President Kais Saied’s move to suspend parliament and sack the government seems like a “pure power grab” and threatens democracy in Tunisia, according to the head of a UK-based research and advocacy group.
“Ousting the government, suspending parliament, and assuming certain judicial powers, really does endanger the once celebrated democracy seen in Tunisia after the Jasmine Revolution that led to former Zine El Abidine Ben Ali’s removal in January 2011,” Abdullah Faliq, managing director of the Cordoba Foundation, told Anadolu Agency.
Saied dismissed the government of Prime Minister Hichem Mechichi on July 25, suspended parliament, and assumed executive authority.
The move has been rejected by most of Tunisia’s parliamentary blocs, including the Ennahda movement, Heart of Tunisia, the Dignity Coalition, and the People’s Movement.
Rached Ghannouchi, speaker of Tunisia’s parliament, has described Saied’s plans as nothing but a “full-fledged coup.”
Faliq, who is also the executive director of the Center for British-Turkish Understanding, said the Tunisian president’s actions do “seem like a pure power grab opportunity.”
“People are speculating that Saied is using the crisis to impose a presidential system in Tunisia to limit the role of parliament. If that is his real intention, he should put it to a vote and let the people decide,” he added.

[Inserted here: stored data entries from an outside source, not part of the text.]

lemma compl_elem_level_diff:
  assumes lt: "lin_top b" and y: "compl_elem s1 b y" and "m \<le> M"
  shows "frac_diff s1 (y M) (y m) \<in> loc_ideal s1 (b m)"
  using \<open>m \<le> M\<close>
proof (induction M rule: dec_induct)
  case base
  show ?case
    by (simp add: zero_numerator_in_loc_ideal lin_top_is_ideal[OF lt] frac_diff_def)
next
  case (step M)
  have "frac_diff s1 (y (Suc M)) (y M) \<in> loc_ideal s1 (b M)"
    using y unfolding compl_elem_def by blast
  also have "loc_ideal s1 (b M) \<subseteq> loc_ideal s1 (b m)"
    using lin_top_antimono[OF lt step.hyps(1)] by (auto simp: loc_ideal_def)
  finally show ?case
    using frac_diff_loc_ideal_trans[OF lin_top_is_ideal[OF lt]] step.IH by blast
qed

lemma restr_exp_hom_continuous:
  assumes "lin_top b" "restr_exp_hom b e"
  obtains M where "m \<le> M" "\<forall>z\<in>b M. \<forall>j. e z j \<in> b m"
proof -
  obtain m' where m': "\<forall>z\<in>b m'. \<forall>j. e z j \<in> b m"
    using assms(2) unfolding restr_exp_hom_def by blast
  have "b (max m m') \<subseteq> b m'"
    using lin_top_antimono[OF assms(1)] by simp
  with m' show thesis
    using that[of "max m m'"] by auto
qed

lemma exp_slice_mult_Suc:
  assumes re: "restr_exp_hom b e" and ls: "local_slice e s s1"
  shows "e (s * x) (Suc i) = s * e x (Suc i) + s1 * e x i"
proof -
  have es: "e s = (\<lambda>i. if i = 0 then s else if i = 1 then s1 else 0)"
    using ls unfolding local_slice_def by blast
  have "e (s * x) (Suc i) = (\<Sum>j\<le>Suc i. e s j * e x (Suc i - j))"
    using re by (simp add: restr_exp_hom_def cauchy_prod_def)
  also have "\<dots> = (\<Sum>j\<in>{0,1}. e s j * e x (Suc i - j))"
    by (rule sum.mono_neutral_right) (auto simp: es)
  also have "\<dots> = s * e x (Suc i) + s1 * e x i"
    by (simp add: es)
  finally show ?thesis .
qed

‘Similar to Egypt’s 2013 military coup’
According to Faliq, the Tunisian president’s move resembles the July 2013 power grab by Abdel-Fatah al-Sisi in Egypt, who removed the country’s first democratically elected President Mohamed Morsi.
“This certainly is developing into what looks like a coup, with the military by Saied’s side,” he said.
He pointed out that Sisi’s coup was followed by a brutal crackdown on elected members of parliament, the opposition, media, human rights groups, and anyone critical of the regime.
“The same seems to be unfolding in Tunisia now, with politicians barred from entering parliament and security forces raiding the offices of Al Jazeera in Tunis,” he said.
“In a civilized society, there are democratic and legal means to address issues such as corruption, economic problems, and the crippling effects of the COVID-19 pandemic,” he said, stressing that suspending parliament and shutting down the country is “not a solution.”
‘Future hangs in balance’
Immediately reinstating rule of law and democracy is essential if Tunisia is to avoid further fragmentation and a greater crisis, Faliq emphasized.
“The disagreements over the country’s constitution need to be addressed and settled by a constitutional court, but that is yet to happen because of these ongoing disputes,” he said.
He warned that violence being seen between the president’s supporters and opponents “could escalate out of control and plunge the country into a deeper crisis.”
“It is refreshing to see swift responses from the international community, such as the US expressing concern and calling for calm and voicing support for Tunisia’s efforts to move forward in line with democratic principles,” Faliq said.
“Whether President Saied’s listening is another thing. For now, the future of the once feted darling of the Arab Spring hangs in the balance.”